▸ **Records drawn from a dataset**
════════════════════

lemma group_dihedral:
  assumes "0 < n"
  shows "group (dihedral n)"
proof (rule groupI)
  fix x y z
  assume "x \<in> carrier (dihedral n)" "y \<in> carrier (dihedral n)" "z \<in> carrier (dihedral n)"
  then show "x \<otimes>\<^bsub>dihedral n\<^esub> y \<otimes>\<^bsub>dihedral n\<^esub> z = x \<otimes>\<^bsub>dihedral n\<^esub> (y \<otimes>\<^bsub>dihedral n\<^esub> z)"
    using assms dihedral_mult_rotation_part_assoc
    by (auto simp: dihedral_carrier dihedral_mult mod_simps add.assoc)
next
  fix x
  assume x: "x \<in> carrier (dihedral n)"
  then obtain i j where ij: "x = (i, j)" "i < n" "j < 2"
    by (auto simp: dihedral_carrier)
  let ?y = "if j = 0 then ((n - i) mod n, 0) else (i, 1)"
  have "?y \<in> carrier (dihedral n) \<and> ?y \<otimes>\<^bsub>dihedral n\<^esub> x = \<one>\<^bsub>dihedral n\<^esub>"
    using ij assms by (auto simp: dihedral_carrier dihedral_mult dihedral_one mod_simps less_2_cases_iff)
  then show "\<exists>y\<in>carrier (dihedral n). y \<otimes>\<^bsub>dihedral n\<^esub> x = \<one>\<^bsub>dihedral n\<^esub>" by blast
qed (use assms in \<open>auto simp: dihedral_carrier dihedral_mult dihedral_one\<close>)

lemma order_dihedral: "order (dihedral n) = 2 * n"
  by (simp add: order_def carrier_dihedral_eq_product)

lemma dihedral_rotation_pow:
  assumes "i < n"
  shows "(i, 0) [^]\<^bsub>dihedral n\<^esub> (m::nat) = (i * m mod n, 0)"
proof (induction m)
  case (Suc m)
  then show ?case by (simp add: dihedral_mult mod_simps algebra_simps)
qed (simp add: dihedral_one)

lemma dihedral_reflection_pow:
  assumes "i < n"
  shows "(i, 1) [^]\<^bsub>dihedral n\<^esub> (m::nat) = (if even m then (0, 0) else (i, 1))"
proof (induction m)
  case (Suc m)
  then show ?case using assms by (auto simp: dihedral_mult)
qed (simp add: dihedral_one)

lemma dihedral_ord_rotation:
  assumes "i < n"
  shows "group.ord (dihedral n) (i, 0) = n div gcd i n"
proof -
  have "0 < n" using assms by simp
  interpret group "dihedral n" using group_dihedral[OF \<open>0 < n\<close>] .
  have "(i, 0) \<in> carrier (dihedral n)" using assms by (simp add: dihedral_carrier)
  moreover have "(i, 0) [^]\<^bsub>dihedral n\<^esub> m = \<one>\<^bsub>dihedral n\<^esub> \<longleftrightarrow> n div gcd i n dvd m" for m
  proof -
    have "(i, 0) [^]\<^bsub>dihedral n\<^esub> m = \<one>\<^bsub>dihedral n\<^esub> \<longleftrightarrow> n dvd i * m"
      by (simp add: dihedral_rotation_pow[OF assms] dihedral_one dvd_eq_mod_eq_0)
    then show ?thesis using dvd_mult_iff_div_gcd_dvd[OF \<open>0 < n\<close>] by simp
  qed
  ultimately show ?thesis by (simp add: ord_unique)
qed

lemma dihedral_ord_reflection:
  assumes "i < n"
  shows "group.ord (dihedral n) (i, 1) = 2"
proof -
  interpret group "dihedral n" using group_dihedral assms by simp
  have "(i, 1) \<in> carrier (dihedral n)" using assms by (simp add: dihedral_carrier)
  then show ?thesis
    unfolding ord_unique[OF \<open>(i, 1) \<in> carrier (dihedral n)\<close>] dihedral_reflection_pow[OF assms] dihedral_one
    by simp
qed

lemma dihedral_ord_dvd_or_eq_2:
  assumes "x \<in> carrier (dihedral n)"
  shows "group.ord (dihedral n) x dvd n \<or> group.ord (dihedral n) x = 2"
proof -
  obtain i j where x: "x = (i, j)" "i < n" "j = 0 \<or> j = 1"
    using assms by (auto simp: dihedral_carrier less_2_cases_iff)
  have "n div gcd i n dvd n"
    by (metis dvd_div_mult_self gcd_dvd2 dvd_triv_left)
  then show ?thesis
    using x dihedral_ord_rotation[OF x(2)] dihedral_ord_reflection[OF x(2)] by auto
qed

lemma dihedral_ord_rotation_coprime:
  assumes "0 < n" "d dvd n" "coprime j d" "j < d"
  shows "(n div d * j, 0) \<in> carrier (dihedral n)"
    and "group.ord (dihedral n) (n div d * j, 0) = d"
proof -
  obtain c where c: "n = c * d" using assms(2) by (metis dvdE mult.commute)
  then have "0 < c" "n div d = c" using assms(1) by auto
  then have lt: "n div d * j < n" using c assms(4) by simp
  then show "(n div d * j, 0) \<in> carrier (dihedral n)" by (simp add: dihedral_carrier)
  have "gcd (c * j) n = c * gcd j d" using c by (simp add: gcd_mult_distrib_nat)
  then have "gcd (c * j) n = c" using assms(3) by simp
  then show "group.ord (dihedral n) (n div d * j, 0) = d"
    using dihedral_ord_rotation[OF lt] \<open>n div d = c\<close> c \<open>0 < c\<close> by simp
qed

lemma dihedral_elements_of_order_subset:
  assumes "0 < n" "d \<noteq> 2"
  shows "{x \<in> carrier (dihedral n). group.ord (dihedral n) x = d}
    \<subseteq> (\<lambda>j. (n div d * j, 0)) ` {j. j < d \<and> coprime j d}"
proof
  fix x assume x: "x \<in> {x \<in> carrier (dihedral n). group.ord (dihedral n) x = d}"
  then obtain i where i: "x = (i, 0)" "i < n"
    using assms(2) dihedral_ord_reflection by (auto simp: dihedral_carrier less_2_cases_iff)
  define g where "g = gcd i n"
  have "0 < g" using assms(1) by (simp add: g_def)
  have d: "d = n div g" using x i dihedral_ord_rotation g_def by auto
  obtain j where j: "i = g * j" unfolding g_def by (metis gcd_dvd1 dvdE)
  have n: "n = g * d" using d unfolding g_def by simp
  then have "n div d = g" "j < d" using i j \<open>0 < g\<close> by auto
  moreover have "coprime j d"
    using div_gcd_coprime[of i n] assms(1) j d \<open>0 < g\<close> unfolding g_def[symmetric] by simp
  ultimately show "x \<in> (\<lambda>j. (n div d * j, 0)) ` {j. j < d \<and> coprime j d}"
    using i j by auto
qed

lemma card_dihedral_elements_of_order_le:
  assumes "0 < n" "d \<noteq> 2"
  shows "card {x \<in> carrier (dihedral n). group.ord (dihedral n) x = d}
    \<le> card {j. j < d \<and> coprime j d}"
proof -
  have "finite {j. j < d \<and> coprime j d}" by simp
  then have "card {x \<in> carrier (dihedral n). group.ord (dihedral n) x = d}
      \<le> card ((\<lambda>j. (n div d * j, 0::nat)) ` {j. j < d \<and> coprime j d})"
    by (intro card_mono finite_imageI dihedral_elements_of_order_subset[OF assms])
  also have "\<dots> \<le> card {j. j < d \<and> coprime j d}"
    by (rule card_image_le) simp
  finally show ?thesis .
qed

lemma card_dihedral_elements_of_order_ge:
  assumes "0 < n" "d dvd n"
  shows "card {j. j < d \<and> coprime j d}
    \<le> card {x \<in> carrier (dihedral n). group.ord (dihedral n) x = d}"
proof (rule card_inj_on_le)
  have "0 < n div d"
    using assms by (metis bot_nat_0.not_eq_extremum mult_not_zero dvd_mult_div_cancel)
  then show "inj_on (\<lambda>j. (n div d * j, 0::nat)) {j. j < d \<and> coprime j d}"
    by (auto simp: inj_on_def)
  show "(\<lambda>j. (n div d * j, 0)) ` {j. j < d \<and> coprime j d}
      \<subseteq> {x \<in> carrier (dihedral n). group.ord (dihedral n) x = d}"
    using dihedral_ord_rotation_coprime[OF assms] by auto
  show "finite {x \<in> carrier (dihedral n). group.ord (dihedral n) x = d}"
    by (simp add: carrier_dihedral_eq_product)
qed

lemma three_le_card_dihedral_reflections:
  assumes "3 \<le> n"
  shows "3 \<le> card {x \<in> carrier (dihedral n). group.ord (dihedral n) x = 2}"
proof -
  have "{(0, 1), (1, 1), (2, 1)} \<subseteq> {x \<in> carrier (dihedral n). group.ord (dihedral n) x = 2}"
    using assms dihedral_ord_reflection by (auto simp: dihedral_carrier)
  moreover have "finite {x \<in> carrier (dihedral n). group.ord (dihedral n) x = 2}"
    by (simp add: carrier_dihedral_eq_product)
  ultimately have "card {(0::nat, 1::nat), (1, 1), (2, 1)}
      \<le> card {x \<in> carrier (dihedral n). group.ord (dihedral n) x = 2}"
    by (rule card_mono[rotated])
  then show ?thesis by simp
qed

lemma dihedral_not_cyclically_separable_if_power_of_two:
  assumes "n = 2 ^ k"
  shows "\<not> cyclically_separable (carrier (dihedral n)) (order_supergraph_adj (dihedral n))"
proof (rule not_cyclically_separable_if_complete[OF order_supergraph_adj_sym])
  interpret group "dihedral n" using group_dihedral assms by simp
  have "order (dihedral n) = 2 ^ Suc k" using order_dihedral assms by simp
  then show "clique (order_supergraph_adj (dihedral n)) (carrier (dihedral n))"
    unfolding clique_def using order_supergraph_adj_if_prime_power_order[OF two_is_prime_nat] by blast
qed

════════════════════

Both the line containing "unfolding ord_unique[OF \<open>(i, 1)" and the line containing "g_def by simp" belong in the answer. Print them and every line above that falls between them exactly, and no others.

    unfolding ord_unique[OF \<open>(i, 1) \<in> carrier (dihedral n)\<close>] dihedral_reflection_pow[OF assms] dihedral_one
    by simp
qed

lemma dihedral_ord_dvd_or_eq_2:
  assumes "x \<in> carrier (dihedral n)"
  shows "group.ord (dihedral n) x dvd n \<or> group.ord (dihedral n) x = 2"
proof -
  obtain i j where x: "x = (i, j)" "i < n" "j = 0 \<or> j = 1"
    using assms by (auto simp: dihedral_carrier less_2_cases_iff)
  have "n div gcd i n dvd n"
    by (metis dvd_div_mult_self gcd_dvd2 dvd_triv_left)
  then show ?thesis
    using x dihedral_ord_rotation[OF x(2)] dihedral_ord_reflection[OF x(2)] by auto
qed

lemma dihedral_ord_rotation_coprime:
  assumes "0 < n" "d dvd n" "coprime j d" "j < d"
  shows "(n div d * j, 0) \<in> carrier (dihedral n)"
    and "group.ord (dihedral n) (n div d * j, 0) = d"
proof -
  obtain c where c: "n = c * d" using assms(2) by (metis dvdE mult.commute)
  then have "0 < c" "n div d = c" using assms(1) by auto
  then have lt: "n div d * j < n" using c assms(4) by simp
  then show "(n div d * j, 0) \<in> carrier (dihedral n)" by (simp add: dihedral_carrier)
  have "gcd (c * j) n = c * gcd j d" using c by (simp add: gcd_mult_distrib_nat)
  then have "gcd (c * j) n = c" using assms(3) by simp
  then show "group.ord (dihedral n) (n div d * j, 0) = d"
    using dihedral_ord_rotation[OF lt] \<open>n div d = c\<close> c \<open>0 < c\<close> by simp
qed

lemma dihedral_elements_of_order_subset:
  assumes "0 < n" "d \<noteq> 2"
  shows "{x \<in> carrier (dihedral n). group.ord (dihedral n) x = d}
    \<subseteq> (\<lambda>j. (n div d * j, 0)) ` {j. j < d \<and> coprime j d}"
proof
  fix x assume x: "x \<in> {x \<in> carrier (dihedral n). group.ord (dihedral n) x = d}"
  then obtain i where i: "x = (i, 0)" "i < n"
    using assms(2) dihedral_ord_reflection by (auto simp: dihedral_carrier less_2_cases_iff)
  define g where "g = gcd i n"
  have "0 < g" using assms(1) by (simp add: g_def)
  have d: "d = n div g" using x i dihedral_ord_rotation g_def by auto
  obtain j where j: "i = g * j" unfolding g_def by (metis gcd_dvd1 dvdE)
  have n: "n = g * d" using d unfolding g_def by simp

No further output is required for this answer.